TASK REQUIREMENTS:
Nothing but the lines holding the string "that" should appear in the answer. Copy them from the entries.
**********
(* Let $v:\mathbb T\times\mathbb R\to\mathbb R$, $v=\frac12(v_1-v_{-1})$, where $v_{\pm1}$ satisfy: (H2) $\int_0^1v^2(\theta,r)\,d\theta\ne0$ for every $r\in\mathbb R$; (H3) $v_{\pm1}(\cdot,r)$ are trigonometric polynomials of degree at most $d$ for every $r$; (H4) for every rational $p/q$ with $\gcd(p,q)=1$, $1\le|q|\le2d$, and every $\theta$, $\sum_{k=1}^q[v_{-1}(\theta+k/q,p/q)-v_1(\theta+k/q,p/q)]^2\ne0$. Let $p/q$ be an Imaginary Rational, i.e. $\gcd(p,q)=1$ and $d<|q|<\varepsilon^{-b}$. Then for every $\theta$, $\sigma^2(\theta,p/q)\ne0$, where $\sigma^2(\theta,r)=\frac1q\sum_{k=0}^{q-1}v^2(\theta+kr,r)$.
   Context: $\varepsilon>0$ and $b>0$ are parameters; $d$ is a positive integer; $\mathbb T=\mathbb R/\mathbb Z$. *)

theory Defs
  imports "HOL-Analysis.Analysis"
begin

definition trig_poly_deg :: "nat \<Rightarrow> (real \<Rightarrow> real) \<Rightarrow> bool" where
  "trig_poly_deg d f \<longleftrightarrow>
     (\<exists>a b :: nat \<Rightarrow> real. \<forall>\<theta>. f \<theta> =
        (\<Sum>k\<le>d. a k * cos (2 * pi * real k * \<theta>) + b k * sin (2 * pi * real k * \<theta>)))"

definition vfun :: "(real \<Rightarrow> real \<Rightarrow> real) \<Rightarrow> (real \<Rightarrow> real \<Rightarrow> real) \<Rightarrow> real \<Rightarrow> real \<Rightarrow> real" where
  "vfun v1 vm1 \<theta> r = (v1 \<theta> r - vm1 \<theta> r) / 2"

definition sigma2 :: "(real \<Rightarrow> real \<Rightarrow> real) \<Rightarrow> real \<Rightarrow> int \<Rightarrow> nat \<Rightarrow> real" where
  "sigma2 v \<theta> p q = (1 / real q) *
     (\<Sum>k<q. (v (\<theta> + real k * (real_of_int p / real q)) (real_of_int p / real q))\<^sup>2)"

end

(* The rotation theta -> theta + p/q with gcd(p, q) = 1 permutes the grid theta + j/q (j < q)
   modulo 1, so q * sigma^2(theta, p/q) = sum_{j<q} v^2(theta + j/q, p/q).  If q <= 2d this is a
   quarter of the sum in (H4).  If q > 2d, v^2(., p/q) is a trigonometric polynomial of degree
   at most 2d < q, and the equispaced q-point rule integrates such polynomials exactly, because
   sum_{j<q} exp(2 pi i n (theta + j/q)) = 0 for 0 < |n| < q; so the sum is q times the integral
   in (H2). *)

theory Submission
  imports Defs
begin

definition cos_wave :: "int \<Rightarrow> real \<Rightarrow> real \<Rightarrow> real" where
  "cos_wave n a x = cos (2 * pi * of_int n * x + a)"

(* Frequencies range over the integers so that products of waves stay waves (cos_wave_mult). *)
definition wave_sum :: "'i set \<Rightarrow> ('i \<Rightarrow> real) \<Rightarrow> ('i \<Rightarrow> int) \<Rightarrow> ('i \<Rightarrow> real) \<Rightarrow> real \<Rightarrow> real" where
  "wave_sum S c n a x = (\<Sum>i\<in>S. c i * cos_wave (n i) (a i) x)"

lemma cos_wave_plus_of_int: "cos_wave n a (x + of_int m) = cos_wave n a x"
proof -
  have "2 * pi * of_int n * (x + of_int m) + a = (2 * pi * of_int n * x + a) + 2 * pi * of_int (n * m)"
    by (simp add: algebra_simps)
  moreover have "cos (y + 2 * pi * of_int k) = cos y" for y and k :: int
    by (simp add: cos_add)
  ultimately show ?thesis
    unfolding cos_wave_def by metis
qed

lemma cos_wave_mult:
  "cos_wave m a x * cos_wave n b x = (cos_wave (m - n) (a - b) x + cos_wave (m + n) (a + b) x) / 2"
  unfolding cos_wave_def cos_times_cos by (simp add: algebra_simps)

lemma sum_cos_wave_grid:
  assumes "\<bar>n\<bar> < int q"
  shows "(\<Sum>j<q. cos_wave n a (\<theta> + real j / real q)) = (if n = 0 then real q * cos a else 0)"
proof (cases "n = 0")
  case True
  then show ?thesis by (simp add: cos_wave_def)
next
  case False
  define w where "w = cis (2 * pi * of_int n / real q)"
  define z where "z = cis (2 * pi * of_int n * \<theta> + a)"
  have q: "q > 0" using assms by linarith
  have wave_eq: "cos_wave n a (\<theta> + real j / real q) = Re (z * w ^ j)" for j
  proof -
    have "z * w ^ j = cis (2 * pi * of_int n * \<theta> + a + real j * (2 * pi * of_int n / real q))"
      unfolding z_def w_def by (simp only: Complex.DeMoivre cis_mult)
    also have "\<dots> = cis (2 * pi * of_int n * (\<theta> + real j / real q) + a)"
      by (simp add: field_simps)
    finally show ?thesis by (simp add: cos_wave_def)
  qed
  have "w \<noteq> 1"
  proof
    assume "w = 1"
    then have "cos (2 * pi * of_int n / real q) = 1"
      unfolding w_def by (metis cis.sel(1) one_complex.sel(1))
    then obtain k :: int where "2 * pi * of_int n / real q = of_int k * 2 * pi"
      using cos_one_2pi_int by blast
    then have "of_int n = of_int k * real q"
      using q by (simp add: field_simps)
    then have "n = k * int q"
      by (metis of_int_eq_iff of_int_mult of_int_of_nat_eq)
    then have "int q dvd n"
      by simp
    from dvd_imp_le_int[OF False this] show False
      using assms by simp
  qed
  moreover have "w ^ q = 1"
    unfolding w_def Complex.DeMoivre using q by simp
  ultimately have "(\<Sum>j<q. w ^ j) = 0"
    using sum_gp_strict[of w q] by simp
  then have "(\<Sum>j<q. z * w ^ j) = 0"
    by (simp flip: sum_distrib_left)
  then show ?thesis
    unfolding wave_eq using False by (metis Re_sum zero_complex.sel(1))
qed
**********
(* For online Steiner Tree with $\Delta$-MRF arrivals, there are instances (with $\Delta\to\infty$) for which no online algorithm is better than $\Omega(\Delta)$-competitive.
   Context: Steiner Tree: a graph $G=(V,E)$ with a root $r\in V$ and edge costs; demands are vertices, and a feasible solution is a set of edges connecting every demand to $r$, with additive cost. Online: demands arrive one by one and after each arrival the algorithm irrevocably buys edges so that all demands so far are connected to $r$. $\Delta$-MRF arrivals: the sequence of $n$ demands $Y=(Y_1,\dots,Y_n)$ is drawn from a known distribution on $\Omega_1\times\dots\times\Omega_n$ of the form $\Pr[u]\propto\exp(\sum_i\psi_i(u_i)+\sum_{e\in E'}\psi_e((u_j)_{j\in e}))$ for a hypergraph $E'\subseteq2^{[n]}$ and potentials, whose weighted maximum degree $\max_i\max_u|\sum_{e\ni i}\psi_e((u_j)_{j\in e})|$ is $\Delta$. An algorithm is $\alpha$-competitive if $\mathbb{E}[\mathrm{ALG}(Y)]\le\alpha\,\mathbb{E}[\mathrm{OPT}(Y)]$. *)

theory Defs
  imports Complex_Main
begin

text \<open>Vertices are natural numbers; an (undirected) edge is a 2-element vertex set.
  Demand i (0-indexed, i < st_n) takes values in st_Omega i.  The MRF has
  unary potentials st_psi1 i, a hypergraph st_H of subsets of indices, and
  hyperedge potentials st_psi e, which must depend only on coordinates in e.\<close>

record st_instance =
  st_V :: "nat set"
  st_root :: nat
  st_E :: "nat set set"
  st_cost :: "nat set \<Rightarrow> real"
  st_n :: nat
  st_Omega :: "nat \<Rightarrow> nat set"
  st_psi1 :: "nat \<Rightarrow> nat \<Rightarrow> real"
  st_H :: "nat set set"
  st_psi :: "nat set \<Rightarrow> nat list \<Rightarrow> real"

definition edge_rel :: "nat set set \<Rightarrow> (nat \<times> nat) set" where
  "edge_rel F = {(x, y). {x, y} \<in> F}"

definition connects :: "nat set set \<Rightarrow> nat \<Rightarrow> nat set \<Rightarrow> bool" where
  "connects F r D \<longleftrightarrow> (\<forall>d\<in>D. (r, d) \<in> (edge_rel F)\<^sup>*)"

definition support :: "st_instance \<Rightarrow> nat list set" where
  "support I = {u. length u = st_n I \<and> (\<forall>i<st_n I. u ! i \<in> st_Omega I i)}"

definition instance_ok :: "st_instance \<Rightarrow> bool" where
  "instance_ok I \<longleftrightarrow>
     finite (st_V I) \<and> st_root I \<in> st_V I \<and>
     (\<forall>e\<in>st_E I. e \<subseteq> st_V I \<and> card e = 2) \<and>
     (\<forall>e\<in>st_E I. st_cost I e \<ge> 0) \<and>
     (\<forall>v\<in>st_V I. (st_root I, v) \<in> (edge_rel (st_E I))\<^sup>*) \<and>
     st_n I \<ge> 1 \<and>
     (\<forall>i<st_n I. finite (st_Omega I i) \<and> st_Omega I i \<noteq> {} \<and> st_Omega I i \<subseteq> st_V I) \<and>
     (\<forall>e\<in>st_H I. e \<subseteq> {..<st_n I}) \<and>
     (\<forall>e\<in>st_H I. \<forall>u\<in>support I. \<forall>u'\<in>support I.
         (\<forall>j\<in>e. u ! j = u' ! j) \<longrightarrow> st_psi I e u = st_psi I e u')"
**********
EXERCISE SOLUTION:
(* Frequencies range over the integers so that products of waves stay waves (cos_wave_mult). *)
   Context: Steiner Tree: a graph $G=(V,E)$ with a root $r\in V$ and edge costs; demands are vertices, and a feasible solution is a set of edges connecting every demand to $r$, with additive cost. Online: demands arrive one by one and after each arrival the algorithm irrevocably buys edges so that all demands so far are connected to $r$. $\Delta$-MRF arrivals: the sequence of $n$ demands $Y=(Y_1,\dots,Y_n)$ is drawn from a known distribution on $\Omega_1\times\dots\times\Omega_n$ of the form $\Pr[u]\propto\exp(\sum_i\psi_i(u_i)+\sum_{e\in E'}\psi_e((u_j)_{j\in e}))$ for a hypergraph $E'\subseteq2^{[n]}$ and potentials, whose weighted maximum degree $\max_i\max_u|\sum_{e\ni i}\psi_e((u_j)_{j\in e})|$ is $\Delta$. An algorithm is $\alpha$-competitive if $\mathbb{E}[\mathrm{ALG}(Y)]\le\alpha\,\mathbb{E}[\mathrm{OPT}(Y)]$. *)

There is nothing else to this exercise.